Wir wollen keinen Glamour. Wir wollen auch keine "Kunst" machen, die keiner versteht und reiner Selbstzweck ist. Dafür sind wir nicht da. Es geht darum, in einer Gruppe, in der der Spaß nicht zu kurz kommt, gemeinsam Filme zu machen. Und genau das ist es: Filme machen.
Darum haben wir zehn Regeln aufgestellt, die den Neuen Hamburg Film ausmachen:
1. Drehbuch und Regie dürfen nicht getrennt werden.

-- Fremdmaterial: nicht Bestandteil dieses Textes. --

(* Fix an integer $k\ge2$ and, for each integer $n>k$, an arbitrary $\xi(k;n)\in(0,1)$ with $P_{n,k}(\xi(k;n))=Q_{n,k}(\xi(k;n))$. Let $\alpha=\limsup_{n\to\infty}\xi(k;n)^{n-1}$, and let $(n_p)_{p\in\mathbb N}$ be a strictly increasing sequence of integers $>k$ with $\alpha_p:=\xi(k;n_p)^{n_p-1}\to\alpha$ as $p\to\infty$. Then $\alpha=\lim_{p\to\infty}\alpha_p=0$.
   Context: For integers $k\ge2$, $n\ge1$ and $x\in\mathbb R$: $P_{n,k}(x)=\left(1+\frac{x^{n-1}}{2}\right)^{k+1}-\left(1-\frac{x^{n-1}}{2}\right)^{k+1}$, and for $n>k$: $Q_{n,k}(x)=(k+1)x^{n-k}$. (Solutions $\xi(k;n)\in(0,1)$ exist for every $n>k$.) *)

theory Defs
  imports "HOL-Analysis.Analysis"
begin

definition P :: "nat \<Rightarrow> nat \<Rightarrow> real \<Rightarrow> real" where
  "P n k x = (1 + x ^ (n - 1) / 2) ^ (k + 1) - (1 - x ^ (n - 1) / 2) ^ (k + 1)"

definition Q :: "nat \<Rightarrow> nat \<Rightarrow> real \<Rightarrow> real" where
  "Q n k x = real (k + 1) * x ^ (n - k)"

end

theory Submission
  imports Defs "HOL-Real_Asymp.Real_Asymp"
begin

(* Write y = x^(n-1) for a root x \<in> (0,1) of P n k x = Q n k x.
   Keeping only the terms j = 1 and j = 3 of the binomial expansion of
   (1 + y/2)^(k+1) - (1 - y/2)^(k+1) turns the equation into
     C y^3 \<le> 4 (k+1) (x^(n-k) - y),        C = (k+1 choose 3),
   and Bernoulli's inequality bounds the gap x^(n-k) - x^(n-1) by (k-1)(1-x).
   A second use of Bernoulli gives (n-1)(1-x) x^(n-1) \<le> 1.  Multiplying,
   y^4 (n-1) \<le> K with K depending only on k, so y \<le> (K/(n-1))^(1/4) \<rightarrow> 0.
   Hence the WHOLE sequence \<xi> n ^ (n-1) tends to 0; in particular every
   subsequence does, and the limit \<alpha> of the given subsequence is 0.
   The file proves the three elementary estimates, combines them into the
   quartic bound, derives convergence of the full sequence, and concludes. *)

text \<open>Odd part of a binomial expansion: the terms of index 1 and 3 of
  (1+a)^m - (1-a)^m are a lower bound, since all terms are nonnegative.\<close>
lemma binomial_odd_difference_lower_bound:
  fixes a :: real
  assumes a: "a \<ge> 0" and m: "m \<ge> 3"
  shows "2 * real m * a + 2 * real (m choose 3) * a ^ 3 \<le> (1 + a) ^ m - (1 - a) ^ m"
proof -
  define summand where "summand j = real (m choose j) * (a ^ j - (-a) ^ j)" for j
  have "(1 + a) ^ m - (1 - a) ^ m = (\<Sum>j\<le>m. summand j)"
    using binomial_ring[of a 1 m] binomial_ring[of "-a" 1 m]
    by (simp add: summand_def add.commute sum_subtractf[symmetric] algebra_simps)
  moreover have "(\<Sum>j\<in>{1,3}. summand j) \<le> (\<Sum>j\<le>m. summand j)"
  proof (rule sum_mono2)
    show "{1, 3} \<subseteq> {..m}" using m by auto
    show "0 \<le> summand j" for j
      using a by (cases "even j") (auto simp: summand_def)
  qed simp
  moreover have "(\<Sum>j\<in>{1,3}. summand j) = 2 * real m * a + 2 * real (m choose 3) * a ^ 3"
    by (simp add: summand_def)
  ultimately show ?thesis by simp
qed

lemma one_minus_power_le:
  fixes x :: real
  assumes "0 \<le> x" "x \<le> 1"
  shows "1 - x ^ j \<le> real j * (1 - x)"
  using Bernoulli_inequality[of "x - 1" j] assms by (simp add: algebra_simps)

lemma power_diff_le:
  fixes x :: real
  assumes x: "0 \<le> x" "x \<le> 1"
  shows "x ^ i - x ^ (i + j) \<le> real j * (1 - x)"
proof -
  have "x ^ i - x ^ (i + j) = x ^ i * (1 - x ^ j)" by (simp add: power_add algebra_simps)
  also have "\<dots> \<le> 1 * (1 - x ^ j)"
    using x by (intro mult_right_mono) (auto simp: power_le_one)
  also have "\<dots> \<le> real j * (1 - x)" using one_minus_power_le[OF x] by simp
  finally show ?thesis .
qed

text \<open>The weight m (1-x) x^m is at most 1 on [0,1]: with t = 1 - x,
  x^m (1 + m t) \<le> x^m (1+t)^m = (1 - t^2)^m \<le> 1.\<close>
lemma power_times_gap_le_one:
  fixes x :: real
  assumes x: "0 \<le> x" "x \<le> 1"
  shows "real m * (1 - x) * x ^ m \<le> 1"
proof -
  define t where "t = 1 - x"
  have t: "0 \<le> t" "t \<le> 1" using x by (auto simp: t_def)
  have "real m * (1 - x) * x ^ m \<le> x ^ m * (1 + real m * t)"
    using x by (simp add: t_def algebra_simps)
  also have "\<dots> \<le> x ^ m * (1 + t) ^ m"
    using Bernoulli_inequality[of t m] t x by (intro mult_left_mono) auto
  also have "\<dots> = (1 - t ^ 2) ^ m"
    by (simp add: t_def power_mult_distrib[symmetric] power2_eq_square algebra_simps)
  also have "\<dots> \<le> 1" using t by (intro power_le_one) (auto simp: power_le_one)
  finally show ?thesis .
qed

lemma root_cubic_gap:
  fixes k n :: nat and x :: real
  assumes hk: "k \<ge> 2" and x: "0 < x" "x < 1" and eq: "P n k x = Q n k x"
  shows "real (Suc k choose 3) * (x ^ (n - 1)) ^ 3 \<le> 4 * (real k + 1) * (x ^ (n - k) - x ^ (n - 1))"
proof -
  define y where "y = x ^ (n - 1)"
  have "2 * real (k + 1) * (y / 2) + 2 * real (k + 1 choose 3) * (y / 2) ^ 3
        \<le> (1 + y / 2) ^ (k + 1) - (1 - y / 2) ^ (k + 1)"
    using x hk by (intro binomial_odd_difference_lower_bound) (auto simp: y_def)
  also have "\<dots> = (real k + 1) * x ^ (n - k)"
    using eq by (simp add: P_def Q_def y_def)
  finally have "(real k + 1) * y + real (Suc k choose 3) * y ^ 3 / 4 \<le> (real k + 1) * x ^ (n - k)"
    by (simp add: power_divide algebra_simps)
  then show ?thesis by (simp add: y_def algebra_simps)
qed

lemma root_quartic_bound:
  fixes k n :: nat and x :: real
  assumes hk: "k \<ge> 2" and hn: "n > k" and x: "0 < x" "x < 1"
    and eq: "P n k x = Q n k x"
  shows "(x ^ (n - 1)) ^ 4 * (real n - 1) \<le> 4 * (real k + 1) * (real k - 1) / real (Suc k choose 3)"
proof -
  define y where "y = x ^ (n - 1)"
  define C where "C = real (Suc k choose 3)"
  have C: "C > 0" using hk by (simp add: C_def)
  have y: "0 \<le> y" using x by (simp add: y_def)
  have "x ^ (n - k) - y \<le> real (k - 1) * (1 - x)"
    using power_diff_le[of x "n - k" "k - 1"] x hn hk by (simp add: y_def)
  then have cubic: "C * y ^ 3 \<le> 4 * (real k + 1) * ((real k - 1) * (1 - x))"
    using root_cubic_gap[OF hk x eq] hk
    by (simp add: C_def y_def of_nat_diff order_trans mult_left_mono)
  have weight: "(real n - 1) * (1 - x) * y \<le> 1"
    using power_times_gap_le_one[of x "n - 1"] x hn by (simp add: y_def of_nat_diff)
  have "C * (y ^ 4 * (real n - 1)) = (C * y ^ 3) * ((real n - 1) * y)"
    by (simp add: power_numeral_reduce algebra_simps)
  also have "\<dots> \<le> (4 * (real k + 1) * ((real k - 1) * (1 - x))) * ((real n - 1) * y)"
    using cubic hn y by (intro mult_right_mono) auto
  also have "\<dots> = 4 * (real k + 1) * (real k - 1) * ((real n - 1) * (1 - x) * y)"
    by (simp add: algebra_simps)
  also have "\<dots> \<le> 4 * (real k + 1) * (real k - 1)"
    using weight hk by (intro mult_left_le) auto
  finally show ?thesis using C by (simp add: y_def C_def pos_le_divide_eq mult.commute)
qed

lemma roots_power_tendsto_zero:
  fixes k :: nat and \<xi> :: "nat \<Rightarrow> real"
  assumes hk: "k \<ge> 2"
    and h\<xi>: "\<And>n. n > k \<Longrightarrow> 0 < \<xi> n \<and> \<xi> n < 1 \<and> P n k (\<xi> n) = Q n k (\<xi> n)"
  shows "(\<lambda>n. \<xi> n ^ (n - 1)) \<longlonglongrightarrow> 0"
proof -
  define K where "K = 4 * (real k + 1) * (real k - 1) / real (Suc k choose 3)"
  have "(\<lambda>n. K / (real n - 1)) \<longlonglongrightarrow> 0" by real_asymp
  from tendsto_real_root[OF this, of 4]
  have bound_lim: "(\<lambda>n. root 4 (K / (real n - 1))) \<longlonglongrightarrow> 0" by simp
  show ?thesis
  proof (rule tendsto_sandwich[OF _ _ tendsto_const bound_lim])
    show "\<forall>\<^sub>F n in sequentially. 0 \<le> \<xi> n ^ (n - 1)"
      using eventually_gt_at_top[of k] by eventually_elim (use h\<xi> in \<open>auto intro: less_imp_le\<close>)
    show "\<forall>\<^sub>F n in sequentially. \<xi> n ^ (n - 1) \<le> root 4 (K / (real n - 1))"
      using eventually_gt_at_top[of k]
    proof eventually_elim
      case (elim n)
      have h: "0 < \<xi> n" "\<xi> n < 1" "P n k (\<xi> n) = Q n k (\<xi> n)" using h\<xi>[OF elim] by auto
      have "(\<xi> n ^ (n - 1)) ^ 4 * (real n - 1) \<le> K"
        using root_quartic_bound[OF hk elim h] by (simp add: K_def)
      moreover have "real n - 1 > 0" using elim hk by simp
      ultimately have "(\<xi> n ^ (n - 1)) ^ 4 \<le> K / (real n - 1)" by (simp add: pos_le_divide_eq)
      then have "root 4 ((\<xi> n ^ (n - 1)) ^ 4) \<le> root 4 (K / (real n - 1))" by simp
      then show ?case using h by (simp add: real_root_power_cancel)
    qed
  qed
qed

theorem lemma5p4:
  fixes k :: nat and \<xi> :: "nat \<Rightarrow> real" and np :: "nat \<Rightarrow> nat" and \<alpha> :: ereal
  assumes hk: "k \<ge> 2"
    and h\<xi>: "\<And>n. n > k \<Longrightarrow> 0 < \<xi> n \<and> \<xi> n < 1 \<and> P n k (\<xi> n) = Q n k (\<xi> n)"
    and h\<alpha>: "\<alpha> = limsup (\<lambda>n. ereal (\<xi> n ^ (n - 1)))"
    and hmono: "strict_mono np"
    and hnp: "\<And>p. np p > k"
    and hlim: "(\<lambda>p. ereal (\<xi> (np p) ^ (np p - 1))) \<longlonglongrightarrow> \<alpha>"
  shows "\<alpha> = 0 \<and> (\<lambda>p. \<xi> (np p) ^ (np p - 1)) \<longlonglongrightarrow> 0"
proof -
  have sub: "(\<lambda>p. \<xi> (np p) ^ (np p - 1)) \<longlonglongrightarrow> 0"
    using LIMSEQ_subseq_LIMSEQ[OF roots_power_tendsto_zero[OF hk h\<xi>] hmono]
    by (simp add: o_def)
  then have "(\<lambda>p. ereal (\<xi> (np p) ^ (np p - 1))) \<longlonglongrightarrow> ereal 0"
    by (simp add: lim_ereal)
  with hlim have "\<alpha> = ereal 0" using LIMSEQ_unique by blast
  with sub show ?thesis by (simp add: zero_ereal_def)
qed

end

2. Jeder Film entsteht als Prozess. Dadurch unterliegt er Veränderungen, denen während der Dreharbeiten Rechnung getragen werden muss.
3. Nur Verfilmung von Geschichten, die dem Regisseur und Drehbuchautoren aus seinem Hintergrund bekannt sind, Darstellung vertrauter Gefühle und Situationen. Keine konstruierten und realitätsfremden Sachen.
4. Jeder Darsteller muss seiner Rolle ähnlich ein. Ein depressiver Darsteller darf kein lebensfrohes Naturell verkörpern. Der Geisteszustand der Rolle sollte sich im Darsteller wiederfinden. Z. B. ist eine betrunkene Figur von einem zumindest angetrunkenen Darsteller zu spielen.
5. Der gesprochene Text des Drehbuchs muss durch die Schauspieler veränderbar sein, ansonsten geht deren Kreativität verloren.
6. Kulissen werden nicht verwendet, es wird ausschließlich an Originalschauplätzen gedreht. Bluescreen-Technik ist für anders nicht umzusetzende Darstellungen erlaubt.
7. Jeder Film soll mit minimalen Mitteln umgesetzt werden. Minimalismus ist eine Chance.
8. Jeder Film ist immer eine Auseinandersetzung mit sich selbst. Die erzählte Geschichte ist der Primat, der Film das Mittel.
9. Die Kamera muss leben, soll wie eine eigene Person sich bewegen.
10. Unterhält ein Film ohne sich anzubiedern, ist er gut. Ein Film ohne Publikum ist kein Film.